This Week in Asia

The real reason a journalist's eye-roll captivated China

The ever-reliable eye-roll: a go-to sign for moments of exasperation, sarcasm or general "fed-upness". And while millions of them are rolled out every day, a deeper understanding of the facial expression's colourful lineage across Asia is far from commonplace. The eye-roll, along with its slightly more uninhibited cousin, the eye-pop, makes headlines regularly. Indeed, "eyes rolled" or "eye-popping" are cliches in the realm of political journalism. But in the physical world, a well-rehearsed eye-roll is a sight to behold.

Just last week, for example, a Chinese news reporter unleashed an epic eye-roll on another journalist during a staged interview at Beijing's Great Hall of the People. China Business News journalist Liang Xiangyi's dramatic, sweeping expression of exasperation at a tedious, toadying question to a government minister was replayed endlessly on social media as it went viral across the world. Beijing itself was moved to action, swiftly revoking the rogue eye-roller's accreditation.

WATCH: Chinese reporter's epic eye-roll

So why all the hubbub over a moving eyeball?

To some extent, we are natural born eye-rollers - the action is a simple way of looking at things we are interested in, or looking away when we are not. But there are deeper meanings to the physical action that are taught, learned and perfected later in life.

Eye-rolls have had these deeper meanings since at least the 16th century, though in those days they meant something quite different. William Shakespeare used the expression in his 1594 poem The Rape of Lucrece to create a moment of heady passion and lust. Much later in Maurice Sendak's 1963 Where the Wild Things Are, the relishing beasts "roll their terrible eyes" at the prospect of devouring young Max.

Dating well beyond the years of Sendak's children's book or Shakespeare's poem is the intricate world of Indian classical arts. According to Jukka O. Miettinen, from the Theatre Academy of the University of the Arts Helsinki, the ancient Hindu Sanskrit text Natya Shastra, on performance art, dictates 108 karanas or basic dance units, four ways of standing, 32 movements of the feet and hips, nine neck movements, seven eyebrow wiggles, 36 gazes, and dozens of symbolic hand gestures.

Performers would train daily in eye movements such as the Alokita, in which performers roll their eyeballs in a circular pattern, or the Saachi, in which they force their irises to opposite corners.
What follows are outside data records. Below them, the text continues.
(* Let $\Gamma=\langle V,(w_u)_{u\in V},\alpha,\beta\rangle$ be a celebrity game with $\beta>1$, $n=|V|$ and $W=\sum_{u\in V}w_u$. Then $\mathrm{opt}(\Gamma)=\min\{\alpha,W\}\,(n-1)$.
   Context: A celebrity game $\Gamma=\langle V,(w_u)_{u\in V},\alpha,\beta\rangle$ consists of a set of players $V=\{1,\dots,n\}$, celebrity weights $w_u>0$, a link cost $\alpha>0$ and a critical distance $\beta$ with $1\le\beta\le n-1$. A strategy of player $u$ is a set $S_u\subseteq V\setminus\{u\}$; a strategy profile is $S=(S_1,\dots,S_n)$; its outcome graph $G[S]$ is the undirected graph on $V$ with edge set $\{\{u,v\}: u\in S_v\text{ or }v\in S_u\}$. With $d_G$ the graph distance (infinite between different connected components), the cost of player $u$ is $c_u(S)=\alpha|S_u|+\sum_{v:\,d_{G[S]}(u,v)>\beta}w_v$, the social cost is $C(S)=\sum_{u\in V}c_u(S)$, and $\mathrm{opt}(\Gamma)=\min_S C(S)$ over all strategy profiles. *)

theory Defs
  imports Main "HOL-Library.Extended_Nat"
begin

text \<open>A strategy profile is a function S :: nat => nat set;
  it is valid for n players if S u is a subset of V - {u} for u in V, and (as a
  normalisation) S u = {} for u outside V.\<close>

definition valid_profile :: "nat \<Rightarrow> (nat \<Rightarrow> nat set) \<Rightarrow> bool" where
  "valid_profile n S \<longleftrightarrow> (\<forall>u. if u \<in> {1..n} then S u \<subseteq> {1..n} - {u} else S u = {})"

definition edge :: "(nat \<Rightarrow> nat set) \<Rightarrow> nat \<Rightarrow> nat \<Rightarrow> bool" where
  "edge S u v \<longleftrightarrow> u \<in> S v \<or> v \<in> S u"

fun reach :: "(nat \<Rightarrow> nat set) \<Rightarrow> nat \<Rightarrow> nat \<Rightarrow> nat \<Rightarrow> bool" where
  "reach S 0 u v \<longleftrightarrow> u = v"
| "reach S (Suc k) u v \<longleftrightarrow> reach S k u v \<or> (\<exists>x. reach S k u x \<and> edge S x v)"

definition gdist :: "(nat \<Rightarrow> nat set) \<Rightarrow> nat \<Rightarrow> nat \<Rightarrow> enat" where
  "gdist S u v = (if \<exists>k. reach S k u v then enat (LEAST k. reach S k u v) else \<infinity>)"

definition player_cost :: "nat \<Rightarrow> (nat \<Rightarrow> real) \<Rightarrow> real \<Rightarrow> nat \<Rightarrow> (nat \<Rightarrow> nat set) \<Rightarrow> nat \<Rightarrow> real" where
  "player_cost n w \<alpha> \<beta> S u =
     \<alpha> * real (card (S u)) + (\<Sum>v\<in>{v\<in>{1..n}. gdist S u v > enat \<beta>}. w v)"

definition social_cost :: "nat \<Rightarrow> (nat \<Rightarrow> real) \<Rightarrow> real \<Rightarrow> nat \<Rightarrow> (nat \<Rightarrow> nat set) \<Rightarrow> real" where
  "social_cost n w \<alpha> \<beta> S = (\<Sum>u\<in>{1..n}. player_cost n w \<alpha> \<beta> S u)"

definition opt :: "nat \<Rightarrow> (nat \<Rightarrow> real) \<Rightarrow> real \<Rightarrow> nat \<Rightarrow> real" where
  "opt n w \<alpha> \<beta> = Min (social_cost n w \<alpha> \<beta> ` {S. valid_profile n S})"

end

theory Submission
  imports Defs
begin

text \<open>Let a profile have k connected components. Fixing a BFS tree in each component, every
  non-root vertex has an edge to its parent, and these edges are distinct, so at least n - k
  links are bought. Each of the k roots is at infinite distance from all players outside its
  own component; summing over the roots, the weights of the players are counted at least
  (k - 1) W times. Hence the social cost is at least \<alpha> (n - k) + W (k - 1), which is at
  least min \<alpha> W (n - 1) since 1 \<le> k \<le> n. The empty profile attains W (n - 1), and since
  \<beta> \<ge> 2 the star bought by player 1 attains \<alpha> (n - 1).\<close>

lemma reach_trans: "reach S a u x \<Longrightarrow> reach S b x v \<Longrightarrow> reach S (a + b) u v"
  by (induction b arbitrary: v) auto

lemma edge_sym: "edge S x y \<longleftrightarrow> edge S y x"
  unfolding edge_def by auto
lemma coboundary_on_arc_theta_gt:
  assumes "q \<ge> 3" "coboundary_on_arc q c lam"
    and "0 < lam + 1 / real q + c" "lam + 1 / real q + c < 1 / real q"
  shows "3 / (8 * real q) < lam + 1 / real q + c"
proof (rule ccontr)
  define \<theta> \<theta>' where "\<theta> = lam + 1 / real q + c" and "\<theta>' = 3 / (8 * real q)"
  assume "\<not> 3 / (8 * real q) < lam + 1 / real q + c"
  then have "\<theta> \<le> \<theta>'"
    unfolding \<theta>_def \<theta>'_def by simp
  have q: "q \<ge> 1" "q \<ge> 2" "real q \<ge> 3"
    using assms(1) by simp_all
  have \<theta>: "0 < \<theta>" "\<theta>' < 1 / real q"
    unfolding \<theta>_def \<theta>'_def using assms(3) q by (simp_all add: field_simps)
  have "1 / (real q)\<^sup>2 \<le> 1 / real q"
    using q by (intro divide_left_mono) (auto simp: power2_eq_square)
  then have "log_dirichlet q \<theta>' - log_dirichlet q (\<theta>' - 1 / (real q)\<^sup>2)
        \<le> log_dirichlet q \<theta> - log_dirichlet q (\<theta> - 1 / (real q)\<^sup>2)"
    and "log_dirichlet q \<theta>' - log_dirichlet q (\<theta>' - 1 / real q)
        \<le> log_dirichlet q \<theta> - log_dirichlet q (\<theta> - 1 / real q)"
    using log_dirichlet_increment_antimono[OF q(1), of "\<theta> - 1 / (real q)\<^sup>2" "\<theta>' - 1 / (real q)\<^sup>2"
        "1 / (real q)\<^sup>2"]
      log_dirichlet_increment_antimono[OF q(1), of "\<theta> - 1 / real q" "\<theta>' - 1 / real q" "1 / real q"]
      \<theta> \<open>\<theta> \<le> \<theta>'\<close> by simp_all
  moreover have "log_dirichlet' q \<theta>' \<le> log_dirichlet' q \<theta>"
    using \<theta> \<open>\<theta> \<le> \<theta>'\<close> q by (intro log_dirichlet'_antimono) auto
  then have "- log_dirichlet' q \<theta> / ((real q)\<^sup>2 * (real q - 1))
      \<le> - log_dirichlet' q \<theta>' / ((real q)\<^sup>2 * (real q - 1))"
    using q by (intro divide_right_mono) auto
  ultimately show False
    using coboundary_on_arc_log_dirichlet_ineq[OF q(2) assms(2-4)] log_dirichlet_gap[OF assms(1)]
    unfolding \<theta>_def[symmetric] \<theta>'_def[symmetric] by simp
qed
text \<open>(i) \<Longrightarrow> (ii): taking \<open>tr\<^sub>1\<close> of \<open>C(\<alpha>) + V-terms = 0\<close> gives \<open>G(\<alpha>\<^sup>T) = 0\<close>, so \<open>\<alpha> = 0\<close>;
  then the \<open>V\<close>-terms vanish and their coefficients are 0 by independence.\<close>

lemma choi_injective_if_gram_injective:
  fixes K :: "nat \<Rightarrow> complex^'a::finite^'b::finite"
    and \<sigma> :: "nat \<Rightarrow> complex^'b^'b" and \<tau> :: "nat \<Rightarrow> complex^'a^'a"
  assumes \<sigma>: "traceless_herm_basis \<sigma>" and \<tau>: "traceless_herm_basis \<tau>"
    and gram_inj: "\<forall>\<alpha>. gram_comb K r \<alpha> = 0 \<longrightarrow> (\<forall>m<r. \<forall>n<r. \<alpha> m n = 0)"
  shows "\<forall>\<alpha> \<beta> \<gamma>. choi_comb K r \<alpha> + tensor_terms \<sigma> \<tau> \<beta> \<gamma> = 0 \<longrightarrow> (\<forall>m<r. \<forall>n<r. \<alpha> m n = 0)
      \<and> (\<forall>a\<in>{2..CARD('b)^2}. \<beta> a = 0) \<and> (\<forall>a\<in>{2..CARD('b)^2}. \<forall>b\<in>{2..CARD('a)^2}. \<gamma> a b = 0)"
proof (intro allI impI)
  fix \<alpha> \<beta> \<gamma>
  assume eq: "choi_comb K r \<alpha> + tensor_terms \<sigma> \<tau> \<beta> \<gamma> = 0"
  have "ptrace1 (choi_comb K r \<alpha>) + ptrace1 (tensor_terms \<sigma> \<tau> \<beta> \<gamma>) = 0"
    using eq by (metis ptrace1_add ptrace1_0)
  then have "gram_comb K r (\<lambda>m n. \<alpha> n m) = 0"
    by (simp add: ptrace1_tensor_terms[OF \<sigma>] ptrace1_choi_comb_eq_0)
  then have "\<forall>m<r. \<forall>n<r. \<alpha> n m = 0"
    using gram_inj[rule_format, of "\<lambda>m n. \<alpha> n m"] by blast
  then have \<alpha>: "\<forall>m<r. \<forall>n<r. \<alpha> m n = 0" by blast
  then have "tensor_terms \<sigma> \<tau> \<beta> \<gamma> = 0"
    using eq by (simp add: choi_comb_def)
  with \<alpha> show "(\<forall>m<r. \<forall>n<r. \<alpha> m n = 0) \<and> (\<forall>a\<in>{2..CARD('b)^2}. \<beta> a = 0)
      \<and> (\<forall>a\<in>{2..CARD('b)^2}. \<forall>b\<in>{2..CARD('a)^2}. \<gamma> a b = 0)"
    using tensor_terms_indep[OF \<sigma> \<tau>] by blast
qed

text \<open>(ii) \<Longrightarrow> (i): if \<open>G(\<alpha>) = 0\<close> then \<open>C(\<alpha>\<^sup>T)\<close> lies in \<open>ker tr\<^sub>1 = V\<close>, i.e. \<open>C(\<alpha>\<^sup>T)\<close> minus
  suitable \<open>V\<close>-terms vanishes, so \<open>\<alpha>\<^sup>T = 0\<close> by (ii).\<close>

lemma gram_injective_if_choi_injective:
  fixes K :: "nat \<Rightarrow> complex^'a::finite^'b::finite"
    and \<sigma> :: "nat \<Rightarrow> complex^'b^'b" and \<tau> :: "nat \<Rightarrow> complex^'a^'a"
  assumes \<sigma>: "traceless_herm_basis \<sigma>" and \<tau>: "traceless_herm_basis \<tau>"
    and choi_inj: "\<forall>\<alpha> \<beta> \<gamma>. choi_comb K r \<alpha> + tensor_terms \<sigma> \<tau> \<beta> \<gamma> = 0 \<longrightarrow> (\<forall>m<r. \<forall>n<r. \<alpha> m n = 0)
      \<and> (\<forall>a\<in>{2..CARD('b)^2}. \<beta> a = 0) \<and> (\<forall>a\<in>{2..CARD('b)^2}. \<forall>b\<in>{2..CARD('a)^2}. \<gamma> a b = 0)"
  shows "\<forall>\<alpha>. gram_comb K r \<alpha> = 0 \<longrightarrow> (\<forall>m<r. \<forall>n<r. \<alpha> m n = 0)"
proof (rule allI, rule impI)
  fix \<alpha>
  assume "gram_comb K r \<alpha> = 0"
  then have "ptrace1 (choi_comb K r (\<lambda>m n. \<alpha> n m)) = 0"
    by (simp add: ptrace1_choi_comb_eq_0)
  then obtain \<beta> \<gamma> where "choi_comb K r (\<lambda>m n. \<alpha> n m) = tensor_terms \<sigma> \<tau> \<beta> \<gamma>"
    using ptrace1_kernel_tensor_terms[OF \<sigma> \<tau>] by blast
  then have "choi_comb K r (\<lambda>m n. \<alpha> n m) + tensor_terms \<sigma> \<tau> (\<lambda>a. - \<beta> a) (\<lambda>a b. - \<gamma> a b) = 0"
    by (simp add: tensor_terms_uminus)
  from choi_inj[rule_format, OF this] show "\<forall>m<r. \<forall>n<r. \<alpha> m n = 0"
    by blast
qed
Similar moves in Sri Lanka, influenced by South Indian dances, take things a little further. In the island nation's Kandyan dances, performers would roll their eyes so far back only the whites could be seen. According to Miettinen, this gave an impression of ecstasy or of being in a trance.

These Hindu dances largely told the dramatic stories of myth and legend and as the culture spread from the Indian subcontinent across Asia, so too did many of the same movements.

The Kebyar dance, one of the most embellished and spectacular in the culture's repertoire, is a dizzying display of eye rolls, jolts, pops and pauses. Meanwhile, the baris gede, or warrior dance, is a fearsome performance that conveys the fighters' moods in battle, from courage to fear and from doubt to determination.

"All the Peking Opera singers need to receive training in hand, eye, body movement, and steps [how to walk on stage]," he says.

"Normally they need years of training before they can perform in public.

"One typical example is that Mei Lanfang [one of the most famous Peking opera artists] trained his eye-rolling by raising a group of doves and following their movement in the sky to be agile and vivid in depicting the roles.

"I don't think anyone can perform without proper training in eye movement, so I'm sure even today they still need to go through the process - maybe not by watching doves, of course," he says.

Learning, understanding and using the aesthetic power of the eyes as a potent expressive form is a fulfilling element of Asian dance and culture, Cooper says. And contemporary choreographers in the region are still turning to these classical methods to get the mood across to audiences.

So while the journalist at last week's press briefing may have thought her eye-roll was little more than a momentary flutter, she was in fact channelling hundreds, if not thousands, of years of drama and performance in Asia.

It seems we, the audience, are still captivated.